When filling out the Florida Hospital form, it is important to follow certain guidelines to ensure a smooth and efficient process. Below is a list of things you should and shouldn't do.

  • Do provide accurate and complete patient information.
  • Do include all relevant insurance details, including policy numbers and subscriber information.
  • Do indicate if the appointment is urgent and specify the reason for the visit.
  • Do submit any required documents from the referring physician’s office along with the form.
  • Don't leave any fields blank unless specified; incomplete forms can delay the process.
  • Don't forget to check for any additional instructions or requirements listed on the form.

By adhering to these guidelines, individuals can help ensure that the referral process is expedited and that appointments are scheduled in a timely manner.

Misconceptions

When it comes to the Florida Hospital form, there are several misconceptions that can lead to confusion. Understanding these can help streamline the process for patients and referring physicians alike.
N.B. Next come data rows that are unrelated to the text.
lemma gap_insert_other_cut:
  assumes L: "is_cut F L" and c: "c \<in> gap X F L"
    and L': "is_cut (insert c F) L'" and ne: "L' \<inter> F \<noteq> L"
  shows "gap X (insert c F) L' = gap X F (L' \<inter> F)"
proof -
  have L'_sub: "L' \<subseteq> insert c F" and L_sub: "L \<subseteq> F"
    using L L' unfolding is_cut_def by auto
  have below_c: "x < c" if "x \<in> L" for x
    using c that unfolding gap_def by blast
  have above_c: "c < x" if "x \<in> F" "x \<notin> L" for x
    using c that unfolding gap_def by blast
  have down: "y \<in> L'" if "x \<in> L'" "y \<in> insert c F" "y < x" for x y
    using L' that unfolding is_cut_def by blast
  show ?thesis
  proof (cases "c \<in> L'")
    case True
    then have "L \<subseteq> L' \<inter> F"
      using L_sub below_c down by blast
    then obtain x where x: "x \<in> F" "x \<in> (L' \<inter> F) - L"
      using ne by blast
    have "c < y" if "y \<in> gap X F (L' \<inter> F)" for y
      using x c that by (rule gap_separated)
    then show ?thesis
      using gap_insert[OF L'_sub] True by auto
  next
    case False
    then have "L' \<inter> F \<subseteq> L"
      using above_c down by blast
    then obtain x where x: "x \<in> F" "x \<in> L - (L' \<inter> F)"
      using ne L_sub by blast
    have "y < c" if "y \<in> gap X F (L' \<inter> F)" for y
      using x that c by (rule gap_separated)
    then show ?thesis
      using gap_insert[OF L'_sub] False by auto
  qed
qed

lemma realizes_iff_gap:
  assumes R: "prime_ext F R" and "F \<subseteq> X"
  shows "realizes X F R C \<longleftrightarrow> (\<exists>c\<in>gap X F (cut_of F R). C = insert c F)"
proof
  assume "realizes X F R C"
  then obtain h where h: "bij_betw h (ext_carrier F) C"
    "\<forall>u\<in>ext_carrier F. \<forall>v\<in>ext_carrier F. R u v \<longleftrightarrow> h u < h v" "\<forall>x\<in>F. h (Some x) = x"
    and "C \<subseteq> X"
    unfolding realizes_def by blast
  have C: "C = insert (h None) F"
    using h(1,3) unfolding bij_betw_def ext_carrier_def by force
  have "h None \<in> gap X F (cut_of F R)"
    using h(2,3) prime_ext_None_Some[OF R] C \<open>C \<subseteq> X\<close>
    unfolding gap_def cut_of_def ext_carrier_def by auto
  with C show "\<exists>c\<in>gap X F (cut_of F R). C = insert c F" by blast
next
  assume "\<exists>c\<in>gap X F (cut_of F R). C = insert c F"
  then obtain c where c: "c \<in> gap X F (cut_of F R)" and C: "C = insert c F" by blast
  have below: "R (Some x) None \<longleftrightarrow> x < c" if "x \<in> F" for x
    using c that unfolding gap_def cut_of_def by (auto dest: less_asym)
  have above: "R None (Some x) \<longleftrightarrow> c < x" if "x \<in> F" for x
    using below[OF that] prime_ext_None_Some[OF R that] not_in_gap[OF c] that
    by (metis less_asym linorder_neqE)
  define h where "h = case_option c id"
  have "inj_on h (ext_carrier F)"
    using not_in_gap[OF c] unfolding inj_on_def ext_carrier_def h_def by auto
  moreover have "h ` ext_carrier F = C"
    unfolding C ext_carrier_def h_def by (simp add: image_image)
  ultimately have "bij_betw h (ext_carrier F) C"
    unfolding bij_betw_def by blast
  moreover have "R u v \<longleftrightarrow> h u < h v" if "u \<in> ext_carrier F" "v \<in> ext_carrier F" for u v
    using that below above prime_ext_irrefl[OF R] prime_ext_Some_Some[OF R]
    unfolding ext_carrier_def h_def by (cases u; cases v) auto
  moreover have "F \<subseteq> C" "C \<subseteq> X"
    using c \<open>F \<subseteq> X\<close> unfolding C gap_def by auto
  ultimately show "realizes X F R C"
    unfolding realizes_def h_def by auto
qed

definition gaps_ge :: "'a::linorder set \<Rightarrow> 'a set \<Rightarrow> nat \<Rightarrow> bool" where
  "gaps_ge X F k \<longleftrightarrow> (\<forall>L. is_cut F L \<longrightarrow> k \<le> card (gap X F L))"

lemma gaps_ge_mono: "gaps_ge X F k \<Longrightarrow> j \<le> k \<Longrightarrow> gaps_ge X F j"
  unfolding gaps_ge_def by (blast intro: le_trans)

lemma gaps_ge_empty: "gaps_ge X {} k \<longleftrightarrow> k \<le> card X"
proof -
  have "is_cut {} L \<longleftrightarrow> L = {}" for L :: "'a set"
    by (auto simp: is_cut_def)
  moreover have "gap X {} {} = X"
    by (auto simp: gap_def)
  ultimately show ?thesis
    unfolding gaps_ge_def by auto
qed

lemma card_gap_ge_if_gaps_ge_insert:
  assumes "finite X" "is_cut F L" "c \<in> gap X F L" "gaps_ge X (insert c F) k"
  shows "2 * k + 1 \<le> card (gap X F L)"
proof -
  have "c \<notin> F" "L \<subseteq> F"
    using not_in_gap[OF assms(3)] assms(2) unfolding is_cut_def by auto
  then have "L \<inter> F = L" "insert c L \<inter> F = L" "c \<notin> L"
    by auto
  moreover have "L \<subseteq> insert c F" "insert c L \<subseteq> insert c F"
    using \<open>L \<subseteq> F\<close> by auto
  ultimately have "gap X (insert c F) L = {y \<in> gap X F L. y < c}"
    and "gap X (insert c F) (insert c L) = {y \<in> gap X F L. c < y}"
    using gap_insert[of L c F X] gap_insert[of "insert c L" c F X] by simp_all
  then have "k \<le> card {y \<in> gap X F L. y < c}" "k \<le> card {y \<in> gap X F L. c < y}"
    using assms(4) is_cut_insert_gap[OF assms(2,3)] unfolding gaps_ge_def by metis+
  then show ?thesis
    using card_split_at[OF finite_gap[OF assms(1)] assms(3)] by linarith
qed

lemma gaps_ge_insert:
  assumes L: "is_cut F L" and c: "c \<in> gap X F L" and "gaps_ge X F k"
    and "k \<le> card {y \<in> gap X F L. y < c}" "k \<le> card {y \<in> gap X F L. c < y}"
  shows "gaps_ge X (insert c F) k"
  unfolding gaps_ge_def
proof (intro allI impI)
  fix L' assume L': "is_cut (insert c F) L'"
  show "k \<le> card (gap X (insert c F) L')"
  proof (cases "L' \<inter> F = L")
    case True
    have "L' \<subseteq> insert c F"
      using L' unfolding is_cut_def by blast
    then show ?thesis
      using gap_insert[of L' c F X] True assms(4,5) by (cases "c \<in> L'") simp_all
  next
    case False
    then show ?thesis
      using gap_insert_other_cut[OF L c L'] is_cut_restrict[OF L'] assms(3)
      unfolding gaps_ge_def by simp
  qed
qed

lemma rk_ge_iff_gaps_ge:
  assumes "finite X" "F \<subseteq> X"
  shows "rk_ge X F n \<longleftrightarrow> gaps_ge X F (2 ^ n - 1)"
  using assms(2)
proof (induction n arbitrary: F)
  case 0
  then show ?case by (simp add: gaps_ge_def)
next
  case (Suc n)
  let ?k = "2 ^ n - 1 :: nat"
  have k: "2 ^ Suc n - 1 = 2 * ?k + 1"
    using one_le_power[of "2::nat" n] unfolding power_Suc by linarith
  have IH: "rk_ge X (insert c F) n \<longleftrightarrow> gaps_ge X (insert c F) ?k" if "c \<in> gap X F L" for c L
  proof -
    have "insert c F \<subseteq> X"
      using that Suc.prems unfolding gap_def by blast
    then show ?thesis by (rule Suc.IH)
  qed
  show ?case
  proof
    assume rk: "rk_ge X F (Suc n)"
    show "gaps_ge X F (2 ^ Suc n - 1)"
      unfolding gaps_ge_def k
    proof (intro allI impI)
      fix L assume L: "is_cut F L"
      have R: "prime_ext F (cut_ext L)"
        using L by (rule prime_ext_cut_ext)
      with rk obtain C where C: "realizes X F (cut_ext L) C" "rk_ge X C n"
        by auto
      have "cut_of F (cut_ext L) = L"
        using L unfolding is_cut_def by (simp add: cut_of_cut_ext)
      then obtain c where c: "c \<in> gap X F L" "C = insert c F"
        using C(1) realizes_iff_gap[OF R Suc.prems] by auto
      then have "gaps_ge X (insert c F) ?k"
        using C(2) IH by blast
      then show "2 * ?k + 1 \<le> card (gap X F L)"
        by (rule card_gap_ge_if_gaps_ge_insert[OF assms(1) L c(1)])
    qed
  next
    assume gaps: "gaps_ge X F (2 ^ Suc n - 1)"
    show "rk_ge X F (Suc n)"
      unfolding rk_ge.simps
    proof (intro allI impI)
      fix R assume R: "prime_ext F R"
      let ?G = "gap X F (cut_of F R)"
      have "2 * ?k + 1 \<le> card ?G"
        using gaps is_cut_cut_of[OF R] unfolding gaps_ge_def k by blast
      then obtain c where c: "c \<in> ?G" "?k \<le> card {y\<in>?G. y < c}" "?k \<le> card {y\<in>?G. c < y}"
        using ex_median[OF finite_gap[OF assms(1)]] by blast
      have "gaps_ge X F ?k"
        using gaps by (rule gaps_ge_mono) (simp add: k)
      then have "gaps_ge X (insert c F) ?k"
        by (rule gaps_ge_insert[OF is_cut_cut_of[OF R] c(1) _ c(2,3)])
      then have "rk_ge X (insert c F) n"
        using IH[OF c(1)] by blast
      moreover have "realizes X F R (insert c F)"
        using realizes_iff_gap[OF R Suc.prems] c(1) by blast
      ultimately show "\<exists>C. realizes X F R C \<and> rk_ge X C n"
        by blast
    qed
  qed
qed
  • Misconception 1: The form is only for new patients.
  • Many believe that the Florida Hospital form is exclusively for new patients. However, it can also be used for existing patients who may need a referral for a new service or specialist. This flexibility is important for ongoing care.

  • Misconception 2: All information must be completed before submission.
  • Some think that every field on the form must be filled out in detail. While providing comprehensive information is helpful, only the essential details are required to initiate the referral process. Missing non-essential information will not delay care.

  • Misconception 3: Referring physicians must send all medical records.
  • It’s a common belief that all medical records are needed for the referral. In reality, only specific documents are required, such as the history and physical, recent labs, and any relevant imaging reports. This targeted approach simplifies the process.

  • Misconception 4: Appointments are always scheduled within the 3-5 day timeframe.
  • While the goal is to schedule appointments within 3-5 days, various factors can affect this timeline. Availability of specialists, urgency of the case, and completeness of submitted documents can all play a role in scheduling.

Key takeaways

When filling out and using the Florida Hospital form, keep these key takeaways in mind:

  • Timeliness is crucial. The hospital aims to see patients within 3-5 days of receiving the referral. Ensure you submit the form promptly to facilitate this timeline.
  • Complete all required fields. Fill in patient information accurately, including contact details, insurance information, and reason for the appointment. Incomplete forms may delay the process.
  • Provide necessary documents. Include all required medical records and reports from the referring physician's office. This includes history and physical reports, lab results, and imaging studies.
  • Contact information is essential. Make sure to provide both primary and secondary phone numbers. This ensures that the hospital can reach you for any follow-up or appointment scheduling.

By following these guidelines, you can help streamline the process and ensure a smoother experience for both the patient and the healthcare team.